We, the coalition, call upon the people of this country-especially our generation-to shoulder the responsibility of bringing an immediate end to this war. We strongly encourage the students of Columbia to walk out of classes in opposition to this war. We call on the faculty and administration to set aside business as usual, join our strike, and sign our petition, available at www.gopetition.com/online/11069.html.

Columbia, as a global University, has a responsibility to take a proactive stance against this illegal war. By investing in corporations crucial to the war effort, our University has aligned its financial future with America’s protracted occupation of Iraq.

We therefore call on the administration to divest from these corporations for the duration of the war to hasten the war’s end.

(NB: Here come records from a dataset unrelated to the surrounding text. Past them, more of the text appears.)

lemma artanh_real_le_iff:
  fixes x y :: real
  assumes "-1 < x" "x < 1" "-1 < y" "y < 1"
  shows "artanh x \<le> artanh y \<longleftrightarrow> x \<le> y"
  by (metis assms tanh_artanh_real tanh_real_le_iff)

lemma artanh_real_less_iff:
  fixes x y :: real
  assumes "-1 < x" "x < 1" "-1 < y" "y < 1"
  shows "artanh x < artanh y \<longleftrightarrow> x < y"
  by (metis assms tanh_artanh_real tanh_real_less_iff)

lemma deriv_antimono_factor_endpoint_bound:
  fixes G s p :: "real \<Rightarrow> real"
  assumes "a < L" "L \<le> b"
    and deriv: "\<And>v. a \<le> v \<Longrightarrow> v \<le> b \<Longrightarrow> (G has_real_derivative s v * p v) (at v)"
    and p_pos: "\<And>v. a \<le> v \<Longrightarrow> v \<le> b \<Longrightarrow> 0 < p v"
    and "antimono_on {a..b} s"
  shows "G a < G L \<or> G b \<le> G L"
proof (cases "0 < s L")
  case True
  have "G a < G L"
  proof (rule DERIV_pos_imp_increasing[OF \<open>a < L\<close>])
    fix v assume "a \<le> v" "v \<le> L"
    then have "0 < s v" using True \<open>antimono_on {a..b} s\<close> \<open>L \<le> b\<close>
      by (smt (verit) atLeastAtMost_iff monotone_onD)
    then show "\<exists>y. DERIV G v :> y \<and> 0 < y"
      using deriv p_pos \<open>a \<le> v\<close> \<open>v \<le> L\<close> \<open>L \<le> b\<close> by force
  qed
  then show ?thesis ..
next
  case False
  have "G b \<le> G L"
  proof (rule DERIV_nonpos_imp_nonincreasing[OF \<open>L \<le> b\<close>])
    fix v assume "L \<le> v" "v \<le> b"
    then have "s v \<le> 0" using False \<open>antimono_on {a..b} s\<close> \<open>a < L\<close>
      by (smt (verit) atLeastAtMost_iff monotone_onD)
    then show "\<exists>y. DERIV G v :> y \<and> y \<le> 0"
      using deriv p_pos \<open>a < L\<close> \<open>L \<le> v\<close> \<open>v \<le> b\<close>
      by (metis less_le_trans less_imp_le mult_nonpos_nonneg order_trans)
  qed
  then show ?thesis ..
qed

lemma infinite_if_unbounded:
  fixes P :: "real \<Rightarrow> bool"
  assumes "\<And>t0. \<exists>t\<ge>t0. P t"
  shows "infinite {t. P t \<and> t1 \<le> t}"
proof
  assume "finite {t. P t \<and> t1 \<le> t}"
  then have "bdd_above {t. P t \<and> t1 \<le> t}" by (rule bdd_above_finite)
  then obtain B where B: "\<And>t. P t \<Longrightarrow> t1 \<le> t \<Longrightarrow> t \<le> B"
    unfolding bdd_above_def by auto
  obtain t where "max B t1 + 1 \<le> t" "P t" using assms by blast
  with B[of t] show False by linarith
qed

locale hybrid_individual =
  fixes sA sS sC mS mC r tau alpha :: real and x y g :: "real \<Rightarrow> real"
  assumes ok: "indiv_ok sA sS sC mS mC r tau alpha x y g"
    and tau_pos: "0 < tau" and tau_less_1: "tau < 1" and r_pos: "0 < r"
begin

definition rate :: "real \<Rightarrow> real" where
  "rate t = (sA * alpha + sS * (g t - mS)) * sC * (g t + mC)"
(* Let $T$ be a linear operator in $H$ with $\overline{\operatorname{dom}(T)}=H$, and let $V_n\subset\operatorname{dom}(T)$, $n\in\mathbb N$, be finite-dimensional subspaces with $P_{V_n}\stackrel{s}{\to}I$. Then for any compact $\Omega\subset W_{e1}(T)$ there exist finite-dimensional subspaces $H_n\subset\operatorname{dom}(T)$ with $V_n\subset H_n$, $n\in\mathbb N$, such that \[ P_{H_n}\stackrel{s}{\to}I,\qquad \sup_{\lambda\in\Omega}\operatorname{dist}(\lambda,\sigma(T_{H_n}))\to0\quad(n\to\infty), \] and if $\Omega\subset\operatorname{int}W_{e1}(T)$ is a finite set, then $\sigma(T_{H_n})=\sigma(T_{V_n})\cup\Omega$. If, in addition, (a) $W(T)\neq\mathbb C$ or $\operatorname{dom}(T)\subset\operatorname{dom}(T^* )$, and (b) $T_{V_n}\stackrel{gsr}{\to}T$ with a corresponding point $\lambda_0$ (as in the definition of generalized strong resolvent convergence) satisfying $\lambda_0\notin\overline{W(T)}$ if $W(T)\neq\mathbb C$, and $\lambda_0\notin\Omega$ otherwise, then the subspaces $H_n$ can be constructed so that moreover $T_{H_n}\stackrel{gsr}{\to}T$.
   Context: $H$ is a separable infinite-dimensional complex Hilbert space. $W(T)=\{\langle Tx,x\rangle:x\in\operatorname{dom}(T),\|x\|=1\}$. $W_{e1}(T):=\bigcap_{V}\overline{W(T|_{V^\perp\cap\operatorname{dom}(T)})}$, the intersection over all finite-dimensional subspaces $V\subset H$. For closed $V\subset\operatorname{dom}(T)$, $P_V$ is the orthogonal projection onto $V$ and $T_V:=P_VT|_V$ the compression. For operators $T_n$ in closed subspaces $H_n$ with orthogonal projections $P_n$, $T_n\stackrel{gsr}{\to}T$ means: there exist $n_0$ and $\lambda_0\in\bigcap_{n\ge n_0}\rho(T_n)\cap\rho(T)$ with $(T_n-\lambda_0)^{-1}P_n\to(T-\lambda_0)^{-1}$ strongly. *)

theory Defs
  imports "HOL-Analysis.Analysis"
begin
(* For every positive integer $n$, $$\tilde{R}(\dot Q_2^{(brbb)},Q_n)=\tilde{R}(\dot Q_2^{(brrb)},Q_n)=\tilde{R}(\dot Q_2^{(rrbb)},Q_n)=2n,$$ and $$2n\le \tilde{R}(\dot Q_2^{(rbbb)},Q_n)\le 2n+O\!\left(\tfrac{n}{\log n}\right).$$
   Context: $Q_N$ is the Boolean lattice of all subsets of an $N$-element set ordered by inclusion. $Q_2$ has vertices $\varnothing,\{1\},\{2\},\{1,2\}$. The colored posets are: $\dot Q_2^{(brbb)}$: minimum $\varnothing$ blue, one middle vertex red, the other middle vertex blue, maximum blue; $\dot Q_2^{(brrb)}$: minimum blue, both middle vertices red, maximum blue; $\dot Q_2^{(rrbb)}$: minimum red, one middle vertex red, the other middle vertex blue, maximum blue; $\dot Q_2^{(rbbb)}$: minimum red, both middle vertices and the maximum blue. In a blue/red coloring of $Q_N$, a copy of a colored poset $\dot P$ is an induced subposet isomorphic to $P$ whose vertices have the colors of the corresponding vertices of $\dot P$. The poset Erdős–Hajnal number $\tilde{R}(\dot P,Q_n)$ is the minimum $N$ such that every blue/red coloring of $Q_N$ contains a copy of $\dot P$ or a monochromatic induced copy of $Q_n$. *)

theory Defs
  imports Main "HOL-Library.Landau_Symbols"
begin

datatype color = Blue | Red

definition QN :: "nat \<Rightarrow> nat set set" where
  "QN N = Pow {0..<N}"

definition order_emb :: "nat \<Rightarrow> nat \<Rightarrow> (nat set \<Rightarrow> nat set) \<Rightarrow> bool" where
  "order_emb m N f \<longleftrightarrow> (\<forall>A\<in>QN m. f A \<in> QN N) \<and>
     (\<forall>A\<in>QN m. \<forall>B\<in>QN m. (A \<subseteq> B \<longleftrightarrow> f A \<subseteq> f B))"

text \<open>Colored versions of Q_2 (vertices {}, {0}, {1}, {0,1}).\<close>
definition Q2_brbb :: "nat set \<Rightarrow> color" where
  "Q2_brbb A = (if A = {0} then Red else Blue)"
definition Q2_brrb :: "nat set \<Rightarrow> color" where
  "Q2_brrb A = (if A = {0} \<or> A = {1} then Red else Blue)"
definition Q2_rrbb :: "nat set \<Rightarrow> color" where
  "Q2_rrbb A = (if A = {} \<or> A = {0} then Red else Blue)"
definition Q2_rbbb :: "nat set \<Rightarrow> color" where
  "Q2_rbbb A = (if A = {} then Red else Blue)"

definition has_colored_copy :: "(nat set \<Rightarrow> color) \<Rightarrow> nat \<Rightarrow> (nat set \<Rightarrow> color) \<Rightarrow> bool" where
  "has_colored_copy pc N col \<longleftrightarrow>
     (\<exists>f. order_emb 2 N f \<and> (\<forall>A\<in>QN 2. col (f A) = pc A))"

definition has_mono_Qn :: "nat \<Rightarrow> nat \<Rightarrow> (nat set \<Rightarrow> color) \<Rightarrow> bool" where
  "has_mono_Qn n N col \<longleftrightarrow>
     (\<exists>f c. order_emb n N f \<and> (\<forall>A\<in>QN n. col (f A) = c))"
lemma sum_F_monopoly_path:
  "(\<Sum>j\<in>UNIV. F j (monopoly_path i m j)) = F i (x0 i + m) + (\<Sum>j\<in>UNIV - {i}. F j (x0 j))"
proof -
  have "(\<Sum>j\<in>UNIV. F j (monopoly_path i m j))
      = F i (monopoly_path i m i) + (\<Sum>j\<in>UNIV - {i}. F j (monopoly_path i m j))"
    by (rule sum.remove) auto
  also have "(\<Sum>j\<in>UNIV - {i}. F j (monopoly_path i m j)) = (\<Sum>j\<in>UNIV - {i}. F j (x0 j))"
    by (rule sum.cong) (auto simp: monopoly_path_def)
  finally show ?thesis by (simp add: monopoly_path_def)
qed

lemma prod_tendsto_measure_tMon:
  assumes F_pos: "\<And>j k. k \<ge> 1 \<Longrightarrow> F j k > 0" and x0_pos: "\<And>j. x0 j \<ge> 1"
  shows "(\<lambda>n. \<Prod>k<n. F i (x0 i + k) / (F i (x0 i + k) + (\<Sum>j\<in>UNIV - {i}. F j (x0 j))))
           \<longlonglongrightarrow> measure M (tMon M X i)"
proof -
  let ?h = "monopoly_path i"
  have "F j (?h m j) > 0" for j m
    unfolding monopoly_path_def using x0_pos[of j] x0_pos[of i] by (intro F_pos) auto
  then have "(\<Sum>j\<in>UNIV. F j (?h m j)) > 0" for m by (intro sum_pos) auto
  then have "measure M (tMon M X i) = measure M (\<Inter>n. path_event ?h n)"
    by (intro measure_eq_AE AE_tMon_iff_monopoly_path sets_tMon measurable_X) (auto simp: less_imp_neq[symmetric])
  moreover have "(\<lambda>n. measure M (path_event ?h n)) \<longlonglongrightarrow> measure M (\<Inter>n. path_event ?h n)"
    by (intro finite_Lim_measure_decseq decseq_SucI) (auto simp: path_event_def)
  moreover have "measure M (path_event ?h n)
      = (\<Prod>k<n. F i (x0 i + k) / (F i (x0 i + k) + (\<Sum>j\<in>UNIV - {i}. F j (x0 j))))" for n
    using measure_path_event[of ?h "\<lambda>_. i"]
    by (simp add: sum_F_monopoly_path) (simp add: monopoly_path_def fun_eq_iff)
  ultimately show ?thesis by simp
qed

end

theorem mainTheorem1:
  fixes F :: "'ag::finite \<Rightarrow> nat \<Rightarrow> real"
    and x0 :: "'ag \<Rightarrow> nat"
    and M :: "'w measure"
    and X :: "nat \<Rightarrow> 'w \<Rightarrow> ('ag \<Rightarrow> nat)"
    and i :: 'ag
  assumes "CARD('ag) \<ge> 2"
    and "\<forall>j k. k \<ge> 1 \<longrightarrow> F j k > 0"
    and "\<forall>j. x0 j \<ge> 1"
    and "summable (\<lambda>k. 1 / F i (Suc k))"
    and "gpu_chain M F x0 X"
  shows "let T = (\<Sum>k. 1 / F i (x0 i + k));
             c = (INF k. F i (x0 i + k) / (F i (x0 i + k) + (\<Sum>j\<in>UNIV - {i}. F j (x0 j))))
         in c > 0 \<and>
            (\<Prod>j\<in>UNIV - {i}. exp (- F j (x0 j) * T)) \<le> measure M (tMon M X i) \<and>
            measure M (tMon M X i) \<le> (\<Prod>j\<in>UNIV - {i}. exp (- c * F j (x0 j) * T))"
proof -
  interpret polya_urn M F x0 X by unfold_locales (fact assms(5))
  define a where "a k = F i (x0 i + k)" for k
  define S where "S = (\<Sum>j\<in>UNIV - {i}. F j (x0 j))"
  define T where "T = (\<Sum>k. 1 / a k)"
  define c where "c = (INF k. a k / (a k + S))"
  have a_pos: "a k > 0" for k
    unfolding a_def using assms(2,3) by (simp add: add_increasing2)
  have "S \<ge> 0"
    unfolding S_def using assms(2,3) by (intro sum_nonneg) (simp add: less_imp_le)
  have summable: "summable (\<lambda>k. 1 / a k)"
    unfolding a_def using assms(4) summable_Suc_iff[of "\<lambda>k. 1 / F i k"]
      summable_iff_shift[of "\<lambda>k. 1 / F i k" "x0 i"]
    by (simp add: add.commute)
  have lim: "(\<lambda>n. \<Prod>k<n. a k / (a k + S)) \<longlonglongrightarrow> measure M (tMon M X i)"
    unfolding a_def S_def using assms(2,3) by (intro prod_tendsto_measure_tMon) auto
  have "c > 0"
    unfolding c_def using a_pos \<open>S \<ge> 0\<close> summable by (rule INF_div_add_pos)
  have c_le: "c \<le> a k / (a k + S)" for k
    unfolding c_def using a_pos \<open>S \<ge> 0\<close>
    by (intro cINF_lower bdd_belowI[of _ 0]) (auto intro!: less_imp_le divide_pos_pos add_pos_nonneg)
  have "measure M (tMon M X i) \<le> exp (- c * S * T)"
    unfolding T_def using a_pos \<open>S \<ge> 0\<close> summable lim c_le by (rule prod_div_add_tendsto_le)
  moreover have "exp (- S * T) \<le> measure M (tMon M X i)"
    unfolding T_def using a_pos \<open>S \<ge> 0\<close> summable lim by (rule prod_div_add_tendsto_ge)
  moreover have "(\<Prod>j\<in>UNIV - {i}. exp (- r * F j (x0 j) * T)) = exp (- r * S * T)" for r
    unfolding S_def by (simp add: exp_sum[symmetric] sum_distrib_left sum_distrib_right sum_negf)
  moreover from this[of 1] have "(\<Prod>j\<in>UNIV - {i}. exp (- F j (x0 j) * T)) = exp (- S * T)"
    by simp
  moreover have "(\<Sum>k. 1 / F i (x0 i + k)) = T" unfolding T_def a_def ..
  moreover have "(INF k. F i (x0 i + k) / (F i (x0 i + k) + (\<Sum>j\<in>UNIV - {i}. F j (x0 j)))) = c"
    unfolding c_def a_def S_def ..
  ultimately show ?thesis
    using \<open>c > 0\<close> unfolding Let_def by simp
qed

end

We unite on the upcoming anniversary to “rekindle the flame of protest that flared up all over the world on that date four years ago,” historian Howard Zinn noted in his support for a nationwide strike. Our protest and teach-in on Feb. 15 is only the beginning. We aim for this to be the rebirth of a strong and diverse antiwar movement on Columbia’s campus and on campuses around the world.

We will work to build support in our schools and our communities for resistance to the war. We will give voice to the majority of Americans who have expressed their strong opposition to the war. We will show the leaders in Congress that we, the people, are the true “deciders.”

If you are still uncertain about helping end the war, consider the eerily accurate words of Martin Luther King Jr. in his speech against the Vietnam War: “Even when pressed by the demands of inner truth, men do not easily assume the task of opposing their government’s policy, especially in time of war. Nor does the human spirit move without great difficulty against all the apathy of conformist thought within one’s own bosom and in the surrounding world. Moreover, when the issues at hand seem as perplexing as they often do in the case of this dreadful conflict, we are always on the verge of being mesmerized by uncertainty. But we must move on … move beyond the prophesying of smooth patriotism to the high grounds of a firm dissent based upon the mandates of conscience and the reading of history.”